*About this task*.
Your answer should be every line of the entries that has the string "union" in it.

*Stored data*.
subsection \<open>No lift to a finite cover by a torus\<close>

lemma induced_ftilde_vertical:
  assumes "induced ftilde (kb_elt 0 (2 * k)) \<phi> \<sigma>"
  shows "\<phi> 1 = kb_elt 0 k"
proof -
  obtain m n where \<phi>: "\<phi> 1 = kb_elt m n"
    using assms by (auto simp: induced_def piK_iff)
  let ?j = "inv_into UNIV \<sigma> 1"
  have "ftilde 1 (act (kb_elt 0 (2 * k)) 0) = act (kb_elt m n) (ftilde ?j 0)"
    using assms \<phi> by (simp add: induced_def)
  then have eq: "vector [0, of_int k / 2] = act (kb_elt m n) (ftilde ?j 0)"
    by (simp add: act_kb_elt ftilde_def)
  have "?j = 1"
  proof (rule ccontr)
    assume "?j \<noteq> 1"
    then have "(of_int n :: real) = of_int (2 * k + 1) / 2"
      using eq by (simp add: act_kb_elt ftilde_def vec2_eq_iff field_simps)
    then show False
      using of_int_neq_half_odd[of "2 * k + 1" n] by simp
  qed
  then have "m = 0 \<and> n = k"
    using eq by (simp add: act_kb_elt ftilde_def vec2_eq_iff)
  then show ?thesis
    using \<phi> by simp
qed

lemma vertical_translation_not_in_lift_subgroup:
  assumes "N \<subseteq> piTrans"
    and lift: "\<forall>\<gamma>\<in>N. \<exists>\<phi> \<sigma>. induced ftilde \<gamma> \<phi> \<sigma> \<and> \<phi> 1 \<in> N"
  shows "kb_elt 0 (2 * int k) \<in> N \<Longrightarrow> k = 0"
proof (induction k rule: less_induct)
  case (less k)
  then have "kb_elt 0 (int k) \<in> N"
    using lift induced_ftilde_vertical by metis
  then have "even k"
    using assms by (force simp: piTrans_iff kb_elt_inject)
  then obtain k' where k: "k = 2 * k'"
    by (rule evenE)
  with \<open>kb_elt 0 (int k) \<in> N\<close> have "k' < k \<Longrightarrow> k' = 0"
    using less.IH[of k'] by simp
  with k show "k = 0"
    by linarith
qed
==
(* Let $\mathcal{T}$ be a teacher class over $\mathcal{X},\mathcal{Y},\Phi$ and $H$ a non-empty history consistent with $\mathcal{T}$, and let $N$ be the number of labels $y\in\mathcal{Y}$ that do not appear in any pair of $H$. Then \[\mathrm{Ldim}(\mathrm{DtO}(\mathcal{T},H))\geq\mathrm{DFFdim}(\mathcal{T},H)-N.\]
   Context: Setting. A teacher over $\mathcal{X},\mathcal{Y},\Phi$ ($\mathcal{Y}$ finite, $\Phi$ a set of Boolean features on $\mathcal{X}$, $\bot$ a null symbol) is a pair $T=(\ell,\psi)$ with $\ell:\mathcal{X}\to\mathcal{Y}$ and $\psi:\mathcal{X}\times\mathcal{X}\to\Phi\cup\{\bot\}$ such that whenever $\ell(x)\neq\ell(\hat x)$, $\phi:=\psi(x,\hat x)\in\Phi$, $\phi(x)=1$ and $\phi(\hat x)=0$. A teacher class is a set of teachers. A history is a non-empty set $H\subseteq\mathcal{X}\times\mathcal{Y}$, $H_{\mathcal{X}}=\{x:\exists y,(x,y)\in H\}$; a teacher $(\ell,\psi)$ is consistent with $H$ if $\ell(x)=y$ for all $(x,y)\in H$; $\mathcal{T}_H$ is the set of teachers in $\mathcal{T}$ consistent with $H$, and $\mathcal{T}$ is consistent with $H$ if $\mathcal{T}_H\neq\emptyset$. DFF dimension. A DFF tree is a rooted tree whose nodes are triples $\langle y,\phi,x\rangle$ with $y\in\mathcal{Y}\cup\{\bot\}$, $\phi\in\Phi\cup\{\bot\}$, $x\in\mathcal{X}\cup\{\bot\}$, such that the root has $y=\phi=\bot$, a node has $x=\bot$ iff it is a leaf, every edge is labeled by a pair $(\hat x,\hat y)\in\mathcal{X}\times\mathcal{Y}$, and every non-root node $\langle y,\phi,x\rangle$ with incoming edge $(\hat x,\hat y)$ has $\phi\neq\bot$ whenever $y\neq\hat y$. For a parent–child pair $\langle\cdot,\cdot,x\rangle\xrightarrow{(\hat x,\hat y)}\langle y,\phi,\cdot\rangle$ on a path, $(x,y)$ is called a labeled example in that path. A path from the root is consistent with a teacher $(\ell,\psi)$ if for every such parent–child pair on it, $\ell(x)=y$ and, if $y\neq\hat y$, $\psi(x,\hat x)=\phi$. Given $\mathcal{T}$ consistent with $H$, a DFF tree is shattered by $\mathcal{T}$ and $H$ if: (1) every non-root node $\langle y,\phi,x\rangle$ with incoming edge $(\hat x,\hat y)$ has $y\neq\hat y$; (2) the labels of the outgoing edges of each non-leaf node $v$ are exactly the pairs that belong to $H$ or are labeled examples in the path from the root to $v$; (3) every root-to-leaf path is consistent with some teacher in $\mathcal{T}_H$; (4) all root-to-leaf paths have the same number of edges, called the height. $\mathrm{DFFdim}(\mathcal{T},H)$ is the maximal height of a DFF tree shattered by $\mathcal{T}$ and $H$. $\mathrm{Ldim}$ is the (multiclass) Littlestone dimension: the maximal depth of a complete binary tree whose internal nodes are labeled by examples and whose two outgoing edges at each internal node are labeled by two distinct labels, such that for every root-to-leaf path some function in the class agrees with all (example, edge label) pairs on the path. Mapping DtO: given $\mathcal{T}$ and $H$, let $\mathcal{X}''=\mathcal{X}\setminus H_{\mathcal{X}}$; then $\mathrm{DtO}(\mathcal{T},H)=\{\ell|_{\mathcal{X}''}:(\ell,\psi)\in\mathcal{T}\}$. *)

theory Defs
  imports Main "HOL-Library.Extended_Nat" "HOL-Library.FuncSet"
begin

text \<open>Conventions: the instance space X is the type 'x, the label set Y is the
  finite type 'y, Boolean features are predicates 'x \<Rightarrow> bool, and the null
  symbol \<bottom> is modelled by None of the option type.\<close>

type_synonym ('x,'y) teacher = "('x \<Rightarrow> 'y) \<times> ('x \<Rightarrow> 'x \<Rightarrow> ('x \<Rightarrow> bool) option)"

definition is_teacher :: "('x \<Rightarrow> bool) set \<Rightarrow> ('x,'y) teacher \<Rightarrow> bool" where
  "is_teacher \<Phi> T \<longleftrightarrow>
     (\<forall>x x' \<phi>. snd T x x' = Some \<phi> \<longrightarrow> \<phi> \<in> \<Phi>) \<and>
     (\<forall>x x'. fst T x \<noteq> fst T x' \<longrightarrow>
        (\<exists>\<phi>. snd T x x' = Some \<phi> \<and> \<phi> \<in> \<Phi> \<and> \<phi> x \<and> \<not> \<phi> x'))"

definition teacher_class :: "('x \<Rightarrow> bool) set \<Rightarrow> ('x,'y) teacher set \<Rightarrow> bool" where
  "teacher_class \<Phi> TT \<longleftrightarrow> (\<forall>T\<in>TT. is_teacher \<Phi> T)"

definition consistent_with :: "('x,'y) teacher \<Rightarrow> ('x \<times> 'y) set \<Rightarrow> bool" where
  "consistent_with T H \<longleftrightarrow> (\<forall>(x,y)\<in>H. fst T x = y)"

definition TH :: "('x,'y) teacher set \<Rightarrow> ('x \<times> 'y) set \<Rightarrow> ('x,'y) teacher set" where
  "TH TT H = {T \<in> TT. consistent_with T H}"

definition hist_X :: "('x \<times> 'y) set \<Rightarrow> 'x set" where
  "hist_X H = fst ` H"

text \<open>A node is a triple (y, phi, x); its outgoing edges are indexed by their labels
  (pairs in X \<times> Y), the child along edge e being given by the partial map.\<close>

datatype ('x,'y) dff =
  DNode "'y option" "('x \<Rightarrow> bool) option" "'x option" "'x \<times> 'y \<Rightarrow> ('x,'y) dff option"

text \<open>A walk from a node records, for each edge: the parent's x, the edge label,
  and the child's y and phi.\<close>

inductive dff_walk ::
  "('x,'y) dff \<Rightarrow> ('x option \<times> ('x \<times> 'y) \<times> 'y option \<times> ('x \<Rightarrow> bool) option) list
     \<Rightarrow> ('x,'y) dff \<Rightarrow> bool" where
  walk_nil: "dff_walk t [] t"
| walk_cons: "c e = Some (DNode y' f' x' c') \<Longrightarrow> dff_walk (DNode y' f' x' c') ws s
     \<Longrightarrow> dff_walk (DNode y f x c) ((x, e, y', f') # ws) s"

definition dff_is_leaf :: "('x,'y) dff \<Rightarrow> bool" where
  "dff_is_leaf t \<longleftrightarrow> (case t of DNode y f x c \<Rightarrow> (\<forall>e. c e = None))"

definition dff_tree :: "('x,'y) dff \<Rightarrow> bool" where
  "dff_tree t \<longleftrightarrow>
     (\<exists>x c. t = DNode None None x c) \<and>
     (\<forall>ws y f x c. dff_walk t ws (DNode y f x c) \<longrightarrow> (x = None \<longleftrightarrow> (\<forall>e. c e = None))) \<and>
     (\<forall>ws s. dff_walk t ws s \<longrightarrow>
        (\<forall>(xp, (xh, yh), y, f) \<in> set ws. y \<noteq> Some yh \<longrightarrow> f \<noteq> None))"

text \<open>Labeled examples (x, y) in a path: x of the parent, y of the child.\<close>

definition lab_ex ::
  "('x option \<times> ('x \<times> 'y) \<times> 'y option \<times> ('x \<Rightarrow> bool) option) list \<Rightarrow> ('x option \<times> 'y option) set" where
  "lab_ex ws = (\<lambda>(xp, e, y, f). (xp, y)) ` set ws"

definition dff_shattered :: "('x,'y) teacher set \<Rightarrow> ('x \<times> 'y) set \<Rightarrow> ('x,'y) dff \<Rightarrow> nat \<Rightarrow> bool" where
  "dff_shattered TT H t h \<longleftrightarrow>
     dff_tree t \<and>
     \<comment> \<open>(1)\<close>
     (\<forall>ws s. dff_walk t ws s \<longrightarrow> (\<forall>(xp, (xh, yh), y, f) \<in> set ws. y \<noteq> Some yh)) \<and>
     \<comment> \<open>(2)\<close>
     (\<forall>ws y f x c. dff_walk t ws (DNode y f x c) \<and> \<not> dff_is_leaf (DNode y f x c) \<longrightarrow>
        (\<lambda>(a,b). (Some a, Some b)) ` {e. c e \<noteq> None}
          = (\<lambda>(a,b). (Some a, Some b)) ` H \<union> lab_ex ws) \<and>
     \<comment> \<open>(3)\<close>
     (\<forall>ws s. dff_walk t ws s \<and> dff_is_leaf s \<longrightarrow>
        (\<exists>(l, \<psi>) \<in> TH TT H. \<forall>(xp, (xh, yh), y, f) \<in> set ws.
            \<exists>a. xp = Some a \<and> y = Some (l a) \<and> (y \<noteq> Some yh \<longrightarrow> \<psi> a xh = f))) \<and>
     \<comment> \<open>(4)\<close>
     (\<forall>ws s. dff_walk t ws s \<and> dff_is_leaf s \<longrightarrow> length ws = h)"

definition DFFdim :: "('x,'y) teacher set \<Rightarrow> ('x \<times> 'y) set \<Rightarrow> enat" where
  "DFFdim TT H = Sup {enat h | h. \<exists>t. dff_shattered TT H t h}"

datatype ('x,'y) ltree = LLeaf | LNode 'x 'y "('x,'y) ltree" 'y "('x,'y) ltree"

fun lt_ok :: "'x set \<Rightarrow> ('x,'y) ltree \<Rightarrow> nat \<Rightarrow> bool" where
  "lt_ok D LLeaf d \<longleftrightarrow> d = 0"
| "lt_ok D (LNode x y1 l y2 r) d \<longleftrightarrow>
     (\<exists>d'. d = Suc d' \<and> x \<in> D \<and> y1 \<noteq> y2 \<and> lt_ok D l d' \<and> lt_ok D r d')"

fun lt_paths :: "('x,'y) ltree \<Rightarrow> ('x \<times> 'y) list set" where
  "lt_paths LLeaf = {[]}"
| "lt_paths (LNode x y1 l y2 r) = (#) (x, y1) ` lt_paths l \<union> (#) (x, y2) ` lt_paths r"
--
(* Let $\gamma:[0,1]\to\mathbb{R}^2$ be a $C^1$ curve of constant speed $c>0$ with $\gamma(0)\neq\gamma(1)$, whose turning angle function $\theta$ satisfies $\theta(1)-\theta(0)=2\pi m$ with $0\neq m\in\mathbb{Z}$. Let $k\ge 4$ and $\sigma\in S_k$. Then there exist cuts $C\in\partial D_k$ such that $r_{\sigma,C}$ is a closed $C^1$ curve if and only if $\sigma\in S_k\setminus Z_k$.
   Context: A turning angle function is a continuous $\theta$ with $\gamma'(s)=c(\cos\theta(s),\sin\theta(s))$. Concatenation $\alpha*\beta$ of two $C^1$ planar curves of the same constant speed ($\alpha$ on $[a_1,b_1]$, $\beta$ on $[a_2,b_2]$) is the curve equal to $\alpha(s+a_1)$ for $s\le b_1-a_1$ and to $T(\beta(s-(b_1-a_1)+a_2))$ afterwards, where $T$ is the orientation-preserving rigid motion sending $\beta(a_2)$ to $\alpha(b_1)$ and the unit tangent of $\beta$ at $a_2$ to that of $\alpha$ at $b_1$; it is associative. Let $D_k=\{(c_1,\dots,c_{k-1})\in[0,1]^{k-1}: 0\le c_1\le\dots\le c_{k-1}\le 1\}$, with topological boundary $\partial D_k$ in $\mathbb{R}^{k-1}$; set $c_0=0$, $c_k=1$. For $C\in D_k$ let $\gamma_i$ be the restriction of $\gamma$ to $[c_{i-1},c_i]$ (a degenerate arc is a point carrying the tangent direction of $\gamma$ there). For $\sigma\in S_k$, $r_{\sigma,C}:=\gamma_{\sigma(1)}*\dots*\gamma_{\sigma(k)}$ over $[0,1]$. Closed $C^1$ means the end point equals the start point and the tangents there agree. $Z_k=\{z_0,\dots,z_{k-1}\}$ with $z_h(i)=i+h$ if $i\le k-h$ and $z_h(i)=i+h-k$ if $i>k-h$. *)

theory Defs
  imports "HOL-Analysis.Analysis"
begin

*Result for this task*.
          = (\<lambda>(a,b). (Some a, Some b)) ` H \<union> lab_ex ws) \<and>
| "lt_paths (LNode x y1 l y2 r) = (#) (x, y1) ` lt_paths l \<union> (#) (x, y2) ` lt_paths r"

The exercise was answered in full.